lemma spec_norm_col_matrix_le_sum_norm:
  assumes "\<And>i. orthogonal_matrix (g i)"
  shows "spec_norm (col_matrix g z) \<le> (\<Sum>i\<in>UNIV. norm (z i))"
proof -
  have "norm (transpose (col_matrix g z) *v u) \<le> (\<Sum>i\<in>UNIV. norm (z i)) * norm u" for u
  proof -
    have "norm (transpose (col_matrix g z) *v u) \<le> (\<Sum>i\<in>UNIV. \<bar>(g i *v z i) \<bullet> u\<bar>)"
      using norm_le_l1_cart[of "transpose (col_matrix g z) *v u"]
      by (simp only: transpose_col_matrix_vector_nth)
    also have "\<dots> \<le> (\<Sum>i\<in>UNIV. norm (z i) * norm u)"
      by (intro sum_mono) (metis Cauchy_Schwarz_ineq2 assms norm_orthogonal_matrix_vector)
    finally show ?thesis by (simp add: sum_distrib_right)
  qed
  then have "spec_norm (transpose (col_matrix g z)) \<le> (\<Sum>i\<in>UNIV. norm (z i))"
    unfolding spec_norm_def by (rule onorm_le)
  then show ?thesis by (simp add: spec_norm_transpose)
qed

abbreviation spec_norm_sup ::
  "(real^'d^'d) set \<Rightarrow> ('n::finite \<Rightarrow> real^'d) \<Rightarrow> real" where
  "spec_norm_sup G z \<equiv> SUP g\<in>{g. \<forall>i. g i \<in> G}. spec_norm (col_matrix g z)"

lemma spec_norm_le_spec_norm_sup:
  assumes G: "orth_subgroup G" and "\<forall>i. g i \<in> G"
  shows "spec_norm (col_matrix g z) \<le> spec_norm_sup G z"
proof (rule cSUP_upper)
  show "bdd_above ((\<lambda>g. spec_norm (col_matrix g z)) ` {g. \<forall>i. g i \<in> G})"
    using spec_norm_col_matrix_le_sum_norm orth_subgroup_orthogonal[OF G]
    by (intro bdd_aboveI2) auto
qed (use assms in auto)

lemma spec_norm_sup_nonneg: "orth_subgroup G \<Longrightarrow> 0 \<le> spec_norm_sup G z"
  using spec_norm_le_spec_norm_sup[of G "\<lambda>_. mat 1" z] orth_subgroup_id[of G] spec_norm_nonneg
  by (blast intro: order_trans)

lemma max_filter_bank_lipschitz:
  fixes z :: "'n::finite \<Rightarrow> real^'d"
  assumes G: "orth_subgroup G"
  shows "norm (max_filter_bank G z x - max_filter_bank G z y) \<le> spec_norm_sup G z * norm (x - y)"
proof -
  let ?D = "max_filter_bank G z x - max_filter_bank G z y"
  \<comment> \<open>The suprema defining the max filters need not be attained, hence the slack e.\<close>
  define C where "C = norm (1::real^'n)"
  have approx: "norm ?D \<le> spec_norm_sup G z * norm (x - y) + e * C" if "e > 0" for e
  proof -
    have "\<forall>i. \<exists>g\<in>G. \<bar>?D $ i\<bar> \<le> \<bar>(g *v z i) \<bullet> (x - y)\<bar> + e"
      using abs_max_filter_diff_le[OF G \<open>e > 0\<close>] by (simp add: max_filter_bank_def) blast
    then obtain g where g: "\<forall>i. g i \<in> G" "\<And>i. \<bar>?D $ i\<bar> \<le> \<bar>(g i *v z i) \<bullet> (x - y)\<bar> + e"
      by metis
    let ?w = "transpose (col_matrix g z) *v (x - y)"
    have "norm ?D \<le> norm ((\<chi> i. \<bar>?w $ i\<bar>) + e *\<^sub>R 1)"
      by (rule norm_le_componentwise_cart)
        (use g(2) \<open>e > 0\<close> in \<open>simp only: transpose_col_matrix_vector_nth, simp\<close>)
    also have "\<dots> \<le> norm (\<chi> i. \<bar>?w $ i\<bar>) + e * C"
      using norm_triangle_ineq[of "\<chi> i. \<bar>?w $ i\<bar>" "e *\<^sub>R 1"] \<open>e > 0\<close> by (simp add: C_def)
    also have "norm (\<chi> i. \<bar>?w $ i\<bar>) \<le> norm ?w"
      by (rule norm_le_componentwise_cart) simp
    also have "norm ?w \<le> spec_norm (col_matrix g z) * norm (x - y)"
      by (rule norm_transpose_matrix_vector_le)
    also have "\<dots> \<le> spec_norm_sup G z * norm (x - y)"
      by (intro mult_right_mono spec_norm_le_spec_norm_sup G g(1)) simp
    finally show ?thesis by simp
  qed
  show ?thesis
  proof (rule field_le_epsilon)
    fix e :: real assume "e > 0"
    have "0 \<le> C" unfolding C_def by simp
    with \<open>e > 0\<close> have "e / (C + 1) > 0" and "e / (C + 1) * C \<le> e"
      by (simp_all add: field_simps)
    then show "norm ?D \<le> spec_norm_sup G z * norm (x - y) + e"
      using approx[of "e / (C + 1)"] by linarith
  qed
qed

lemma max_filter_bank_quotient_lipschitz:
  assumes G: "orth_subgroup G"
  shows "norm (max_filter_bank G z x - max_filter_bank G z y) / qdist G x y \<le> spec_norm_sup G z"
proof -
  let ?D = "norm (max_filter_bank G z x - max_filter_bank G z y)"
  let ?S = "spec_norm_sup G z"
  define Q where "Q = {norm (p - q) | p q. p \<in> orbit G x \<and> q \<in> orbit G y}"
  have D_le: "?D \<le> ?S * t" if t: "t \<in> Q" for t
  proof -
    obtain a b where "a \<in> G" "b \<in> G" "t = norm (a *v x - b *v y)"
      using t unfolding Q_def orbit_def by auto
    then show ?thesis
      using max_filter_bank_lipschitz[OF G, of z "a *v x" "b *v y"]
      by (simp add: max_filter_bank_matrix_vector[OF G])
  qed
  have "Q \<noteq> {}" using self_in_orbit[OF G] unfolding Q_def by blast
  have "0 \<le> ?S" by (rule spec_norm_sup_nonneg[OF G])
  have "?D \<le> ?S * Inf Q"
  proof (cases "?S = 0")
    case True
    then show ?thesis using D_le \<open>Q \<noteq> {}\<close> by fastforce
  next
    case False
    with \<open>0 \<le> ?S\<close> have "?D / ?S \<le> Inf Q"
      by (intro cInf_greatest[OF \<open>Q \<noteq> {}\<close>]) (use D_le in \<open>simp add: divide_le_eq mult.commute\<close>)
    with False \<open>0 \<le> ?S\<close> show ?thesis by (simp add: divide_le_eq mult.commute)
  qed
  then have "?D / Inf Q \<le> ?S"
  proof (cases "Inf Q > 0")
    case False  \<comment> \<open>then qdist G x y = 0 and the quotient is 0 by convention\<close>
    then have "?D / Inf Q \<le> 0" by (simp add: divide_nonneg_nonpos)
    with \<open>0 \<le> ?S\<close> show ?thesis by linarith
  qed (simp add: pos_divide_le_eq)
  moreover have "qdist G x y = Inf Q" unfolding qdist_def Q_def ..
  ultimately show ?thesis by simp
qed

lemma norm_transpose_col_matrix_le_max_filter_bank:
  assumes "orth_subgroup G" "- mat 1 \<in> G" "\<forall>i. g i \<in> G"
  shows "norm (transpose (col_matrix g z) *v u) \<le> norm (max_filter_bank G z u)"
proof (rule norm_le_componentwise_cart)
  fix i
  have "\<bar>(g i *v z i) \<bullet> u\<bar> \<le> max_filter G (z i) u"
    using abs_inner_le_max_filter assms by blast
  then show "norm ((transpose (col_matrix g z) *v u) $ i) \<le> norm (max_filter_bank G z u $ i)"
    by (simp only: transpose_col_matrix_vector_nth) (simp add: max_filter_bank_def)
qed

lemma spec_norm_col_matrix_le_max_filter_bank_bound:
  assumes "orth_subgroup G" "- mat 1 \<in> G" "\<forall>i. g i \<in> G"
    and bound: "\<And>u. norm (max_filter_bank G z u) \<le> L * norm u"
  shows "spec_norm (col_matrix g z) \<le> L"
proof -
  have "spec_norm (transpose (col_matrix g z)) \<le> L"
    unfolding spec_norm_def
    using norm_transpose_col_matrix_le_max_filter_bank[OF assms(1-3)] bound
    by (blast intro: onorm_le order_trans)
  then show ?thesis by (simp add: spec_norm_transpose)
qed

theorem theorem16:
  fixes G :: "(real^'d^'d) set" and z :: "'n::finite \<Rightarrow> real^'d"
  assumes "orth_subgroup G" and "closed_orbits G"
  shows "(SUP (x, y) \<in> {(x, y). orbit G x \<noteq> orbit G y}.
            norm (max_filter_bank G z x - max_filter_bank G z y) / qdist G x y)
         \<le> (SUP g \<in> {g. \<forall>i. g i \<in> G}. spec_norm (col_matrix g z))
       \<and> ((- mat 1) \<in> G \<longrightarrow>
          (SUP (x, y) \<in> {(x, y). orbit G x \<noteq> orbit G y}.
            norm (max_filter_bank G z x - max_filter_bank G z y) / qdist G x y)
         = (SUP g \<in> {g. \<forall>i. g i \<in> G}. spec_norm (col_matrix g z)))"
proof -
  note G = \<open>orth_subgroup G\<close>
  let ?R = "\<lambda>(x, y). norm (max_filter_bank G z x - max_filter_bank G z y) / qdist G x y"
  let ?A = "{(x, y). orbit G x \<noteq> orbit G (y::real^'d)}"
  let ?L = "SUP p\<in>?A. ?R p"
  have R_le: "?R p \<le> spec_norm_sup G z" for p
    using max_filter_bank_quotient_lipschitz[OF G] by (cases p) simp
  have zero_pair: "(u, 0) \<in> ?A" if "u \<noteq> 0" for u
    using self_in_orbit[OF G, of u] orbit_zero[OF G] that by auto
  have "(1, 0) \<in> ?A" by (rule zero_pair) (simp add: vec_eq_iff)
  then have upper: "?L \<le> spec_norm_sup G z" by (intro cSUP_least R_le) blast
  have bdd: "bdd_above (?R ` ?A)" by (rule bdd_aboveI2, rule R_le)
  have lower: "spec_norm_sup G z \<le> ?L" if "- mat 1 \<in> G"
  proof (rule cSUP_least)
    show "{g. \<forall>i. g i \<in> G} \<noteq> {}" using orth_subgroup_id[OF G] by auto
    have "norm (max_filter_bank G z u) \<le> ?L * norm u" for u
    proof (cases "u = 0")
      case False
      have "?R (u, 0) \<le> ?L" by (rule cSUP_upper[OF zero_pair[OF False] bdd])
      with False show ?thesis
        by (simp add: max_filter_bank_zero[OF G] qdist_zero[OF G] divide_le_eq mult.commute)
    qed (simp add: max_filter_bank_zero[OF G])
    then show "spec_norm (col_matrix g z) \<le> ?L" if "g \<in> {g. \<forall>i. g i \<in> G}" for g
      using spec_norm_col_matrix_le_max_filter_bank_bound G \<open>- mat 1 \<in> G\<close> that by blast
  qed
  show ?thesis using upper lower by auto
qed

end
(* Let $\rho_1\neq\rho_2$ be two rays of $C_{6,2}$ of type $(3,3)$ and let $\tau$ be the 2-face of $C_{6,2}$ spanned by $\rho_1$ and $\rho_2$. Then $\tau\subseteq\Phi(\mathcal Z_2^6)$.
   Context: $\mathcal Z_2$ is the set of zonoids in $\mathbb R^2$ (equivalently, centrally symmetric convex bodies). For $Z=(Z_1,\dots,Z_6)\in\mathcal Z_2^6$ let $\mathrm V_{ij}=\mathrm V(Z_i,Z_j)$ be the mixed area, and $\Phi(Z)\in\mathbb R^{15}$ the vector with coordinates $\mathrm V_{I_1}\mathrm V_{I_2}\mathrm V_{I_3}$ indexed by all partitions $I_1|I_2|I_3$ of $[6]$ into pairs. $C_{6,2}$ is the conic hull of $\Phi(\mathcal Z_2^6)$ (a polyhedral cone in which any two extreme rays span a 2-face). For a 6-tuple $U$ of nonzero vectors in $\mathbb R^2$, $\Phi(U)=\Phi([0,u_1],\dots,[0,u_6])$. A ray is of type $(3,3)$ if it is spanned by $\Phi(U)$ for some $U$ such that $[6]=J_1\sqcup J_2$ with $|J_1|=|J_2|=3$, the vectors indexed by $J_1$ are pairwise parallel, those indexed by $J_2$ are pairwise parallel, and no vector indexed by $J_1$ is parallel to one indexed by $J_2$. *)

theory Defs
  imports "HOL-Analysis.Analysis"
begin

text \<open>Zonoids in the plane = centrally symmetric convex bodies
  (nonempty compact convex sets symmetric about some centre).\<close>
definition zonoid2 :: "(real^2) set \<Rightarrow> bool" where
  "zonoid2 K \<longleftrightarrow> K \<noteq> {} \<and> compact K \<and> convex K \<and>
     (\<exists>c. \<forall>x\<in>K. 2 *\<^sub>R c - x \<in> K)"

definition minkowski_sum :: "(real^2) set \<Rightarrow> (real^2) set \<Rightarrow> (real^2) set" where
  "minkowski_sum K L = {x + y | x y. x \<in> K \<and> y \<in> L}"

text \<open>Mixed area, via area(K+L) = area K + 2 V(K,L) + area L.\<close>
definition mixed_area :: "(real^2) set \<Rightarrow> (real^2) set \<Rightarrow> real" where
  "mixed_area K L =
     (measure lebesgue (minkowski_sum K L) - measure lebesgue K - measure lebesgue L) / 2"

definition pairings6 :: "nat set set set" where
  "pairings6 = {P. (\<Union>P) = {1..6} \<and> (\<forall>B\<in>P. card B = 2) \<and>
                  (\<forall>B\<in>P. \<forall>B'\<in>P. B \<noteq> B' \<longrightarrow> B \<inter> B' = {})}"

## ABOUT THIS TASK
Please report the number of lines in the data that include "obtain", with no other words.

## YOUR RESPONSE
2